Hayatımızda belki de düşünmeden cevap verebileceğimiz soru bu olsa gerek. Çünkü bu soruya verilecek tek cevap “elhamdülillah Müslümanız” ibaresinden başkası olmayacaktır. Oysa sorgulamadığımız, yargılamadığımız, bir şey ekleyip bir şey eksiltme tenezzülünde bulunmadığımız şu hayatımızı, alıp verdiğimiz nefesle bazen anlamlandıramadığımız bir hayata dönüştürebiliyoruz. İsyanların boy gösterdiği, namazların terk edildiği, küfrün sistemleştirildiği, zinanın serbestleştirildiği tüm bunlara rağmen tağutun desteklendiği bir dünyada tevhidî bir duruşla yol almak ancak Müslümanın sergileyeceği bir duruştur. Çünkü İslam’ın, hayat gayesi olarak sunduğu “kulluk”un gereği, Allah’ın Rububiyet sıfatıyla O’nun kanunlarından başka tüm kanunları reddetmek ve Uluhiyet sıfatıyla da O’nun ilah olduğunu kabul edip sadece O’na kulluk etmektir. İşte Tevhidî duruş budur. Günümüzde ne yazık ki, “İlah tek bir ilahtır” dememize rağmen, kanun koyucu sahte Rablerin çoğalmış olması, insanların tağuta muhakeme olmasına ve -Allah korusun- küfür sisteminin bir parçası olmasına sebebiyet verebiliyor. Bu da Kur’an’ın kâfir, zalim ve fasık isimlendirmesiyle bizleri düşündürüyor: “…Şu halde, siz de insanlardan korkmayın, benden korkun ve ayetlerimi az bir karşılığa değişmeyin. Allah’ın indirdiği ile hükmetmeyenler kâfirlerin ta kendileridir.” “…Allah’ın indirdiği ile hükmetmeyenler zalimlerin ta kendileridir.” “…Allah’ın indirdiği ile hükmetmeyenler, fasıkların ta kendileridir.” (Maide 44-45-47). Allah’ın art arda gelen ayetlerini bu şekilde özellikle kafir, zalim ve fasık isimleriyle belirtmesi, O’nun indirdiğiyle hükmetmemiz gerektiğini gösteriyor. O, rububiyet sıfatıyla kanun koyucudur ve kanun koyucuların şüphesiz ki en hayırlısıdır. Bizler O’nu Rab ve İlah olarak kabul ettiğimizi tasdik ediyorsak, İslam’ı şirkle, tağutla, küfürle ve makamla karıştırmayacak bir Müslüman lîder olmadıkça, -Allah’tan başka- hiçbir kanun koyucu oluşturamayız. Seyyid Kutub’un deyişiyle, (Allah rahmet eylesin) namazda Allah’ın birliğini şehadet eden parmaklarımız, tağutun hükmünü asla onaylamamalıdır.

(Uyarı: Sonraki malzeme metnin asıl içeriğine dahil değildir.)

(* Let $(M,F)$ be a Finsler manifold, $V$ a homothetic vector field with dilation $c$ and flow $\Psi_t$, with $F(x,-V(x))>1$ everywhere. Let $f$ be a transnormal function defined near $x_0$ with $f(x_0)=0$, $F(\nabla^F f)\equiv1$, and $\langle\nabla^F f(x),V(x)\rangle^F_{\nabla^F f(x)}<-1$ near $x_0$. Let $M_s=f^{-1}(s)$ and define $\Psi$ near $x_0$ by $\Psi|_{M_{\alpha_c(t)}}=\Psi_t$ (for $t$ near $0$). Then, on a sufficiently small neighborhood of $x_0$, $\Psi$ is an orientation reversing diffeomorphism onto its image.
   Context: Finsler metric $F$ with fundamental tensor $\langle u,v\rangle^F_y=\frac12\frac{\partial^2}{\partial s\partial t}|_0F^2(y+su+tv)$. Gradient $\nabla^F f$: the vector field with $\langle\nabla^F f,u\rangle^F_{\nabla^F f}=\mathrm df(u)$. Transnormal: $F(\nabla^F f)$ depends only on values of $f$. $V$ homothetic with dilation $c$: flow satisfies $F(\Psi_t(x),(\Psi_t)_*y)=e^{-2ct}F(x,y)$. $\alpha_c(t)=t$ if $c=0$, $\alpha_c(t)=\frac{e^{2ct}-1}{2c}$ otherwise. *)

theory Defs
  imports "HOL-Analysis.Analysis"
begin

fun Ck_on :: "nat \<Rightarrow> 'a::euclidean_space set \<Rightarrow> ('a \<Rightarrow> 'b::real_normed_vector) \<Rightarrow> bool" where
  "Ck_on 0 S g = continuous_on S g"
| "Ck_on (Suc k) S g =
     ((\<forall>x\<in>S. g differentiable (at x)) \<and>
      (\<forall>v. Ck_on k S (\<lambda>x. frechet_derivative g (at x) v)))"

definition smooth_on :: "'a::euclidean_space set \<Rightarrow> ('a \<Rightarrow> 'b::real_normed_vector) \<Rightarrow> bool" where
  "smooth_on S g \<longleftrightarrow> open S \<and> (\<forall>k. Ck_on k S g)"

definition fund_tensor ::
  "(real^'n \<Rightarrow> real^'n \<Rightarrow> real) \<Rightarrow> real^'n \<Rightarrow> real^'n \<Rightarrow> real^'n \<Rightarrow> real^'n \<Rightarrow> real"
  where "fund_tensor F x y u v =
     (1/2) * deriv (\<lambda>s. deriv (\<lambda>t. (F x (y + s *\<^sub>R u + t *\<^sub>R v))^2) 0) 0"

text \<open>Finsler metric on the open set U (a chart domain of M), F(x,y) for y in T_xM = R^n.\<close>
definition finsler_metric :: "(real^'n) set \<Rightarrow> (real^'n \<Rightarrow> real^'n \<Rightarrow> real) \<Rightarrow> bool" where
  "finsler_metric U F \<longleftrightarrow>
     open U \<and>
     continuous_on (U \<times> UNIV) (\<lambda>(x,y). F x y) \<and>
     smooth_on (U \<times> (UNIV - {0})) (\<lambda>(x,y). F x y) \<and>
     (\<forall>x\<in>U. \<forall>y. y \<noteq> 0 \<longrightarrow> F x y > 0) \<and>
     (\<forall>x\<in>U. \<forall>y. \<forall>r>0. F x (r *\<^sub>R y) = r * F x y) \<and>
     (\<forall>x\<in>U. \<forall>y. y \<noteq> 0 \<longrightarrow> (\<forall>u. u \<noteq> 0 \<longrightarrow> fund_tensor F x y u u > 0))"

definition is_finsler_gradient ::
  "(real^'n \<Rightarrow> real^'n \<Rightarrow> real) \<Rightarrow> (real^'n \<Rightarrow> real) \<Rightarrow> real^'n \<Rightarrow> real^'n \<Rightarrow> bool" where
  "is_finsler_gradient F f x g \<longleftrightarrow> (\<forall>u. fund_tensor F x g g u = frechet_derivative f (at x) u)"

definition is_local_flow ::
  "(real^'n) set \<Rightarrow> (real^'n \<Rightarrow> real^'n) \<Rightarrow> (real \<times> (real^'n)) set \<Rightarrow> (real \<Rightarrow> real^'n \<Rightarrow> real^'n) \<Rightarrow> bool" where
  "is_local_flow U V D Psi \<longleftrightarrow>
     open D \<and> D \<subseteq> UNIV \<times> U \<and> (\<forall>x\<in>U. (0, x) \<in> D) \<and>
     (\<forall>x\<in>U. is_interval {t. (t, x) \<in> D}) \<and>
     smooth_on D (\<lambda>(t,x). Psi t x) \<and>
     (\<forall>(t,x)\<in>D. Psi t x \<in> U) \<and>
     (\<forall>x\<in>U. Psi 0 x = x) \<and>
     (\<forall>(t,x)\<in>D. ((\<lambda>s. Psi s x) has_vector_derivative V (Psi t x)) (at t))"

definition homothetic ::
  "(real^'n \<Rightarrow> real^'n \<Rightarrow> real) \<Rightarrow> (real \<times> (real^'n)) set \<Rightarrow> (real \<Rightarrow> real^'n \<Rightarrow> real^'n) \<Rightarrow> real \<Rightarrow> bool" where
  "homothetic F D Psi c \<longleftrightarrow>
     (\<forall>(t,x)\<in>D. \<forall>y. F (Psi t x) (frechet_derivative (Psi t) (at x) y) = exp (-2*c*t) * F x y)"

definition alpha :: "real \<Rightarrow> real \<Rightarrow> real" where
  "alpha c t = (if c = 0 then t else (exp (2*c*t) - 1) / (2*c))"

text \<open>The map Psi with Psi restricted to M_{alpha_c(t)} equal to Psi_t.\<close>
definition level_flow_map ::
  "real \<Rightarrow> (real^'n \<Rightarrow> real) \<Rightarrow> (real \<Rightarrow> real^'n \<Rightarrow> real^'n) \<Rightarrow> real^'n \<Rightarrow> real^'n" where
  "level_flow_map c f Psi x = Psi (THE t. alpha c t = f x) x"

İslam, belirli kural ve kanunlarla seçilmiş bir dindir. Müslüman olduğunu söyleyen bazı kişiler, İslam’ın çizdiği sınırın neresinde olduklarını bulmadan, bilmeden Müslüman olduklarını iddia ediyorlar. Neye göre, kime göre? Kimliklerde yazılı olan “Dini İslam’’dır ibaresiyle maalesef Müslüman olunmuyor. Bilakis Kur’an ve sünnetin hükmü ulaşmış olmasına rağmen bazı grupları, üstadları, aşiretleri, vatanları, liderleri veya buna benzer sözde hak terazisinde hiçbir itibarı olmayanları kabul etmek, bağ ve temelleri razı edebilmek için dînî kaynakları terk etmek, çağa uymadığını iddia ederek başka kanunları ve söylemleri kabul edip bunları davranışa dökmek, Müslümanlık ile bağdaştırılamaz. Çünkü söz konusu olan İslam’dır ve İslam ancak Allah’ın indirdiği ile amel etmektir. Müslümanlıkda sadece Allah’ın isteğine göre yaşamaktır.
Ayetlere baktığımızda yüce Rabbimiz, Müslüman’ın sıfatlarına şöyle vurgu yapmaktadır:
• Müminler ancak Allah’a kulluk ederler. O’ndan başka zihinlerinde ilahlaştırdıkları hiçbir varlık yoktur. (Fatiha Suresi, 1-7; Nisa Suresi, 36).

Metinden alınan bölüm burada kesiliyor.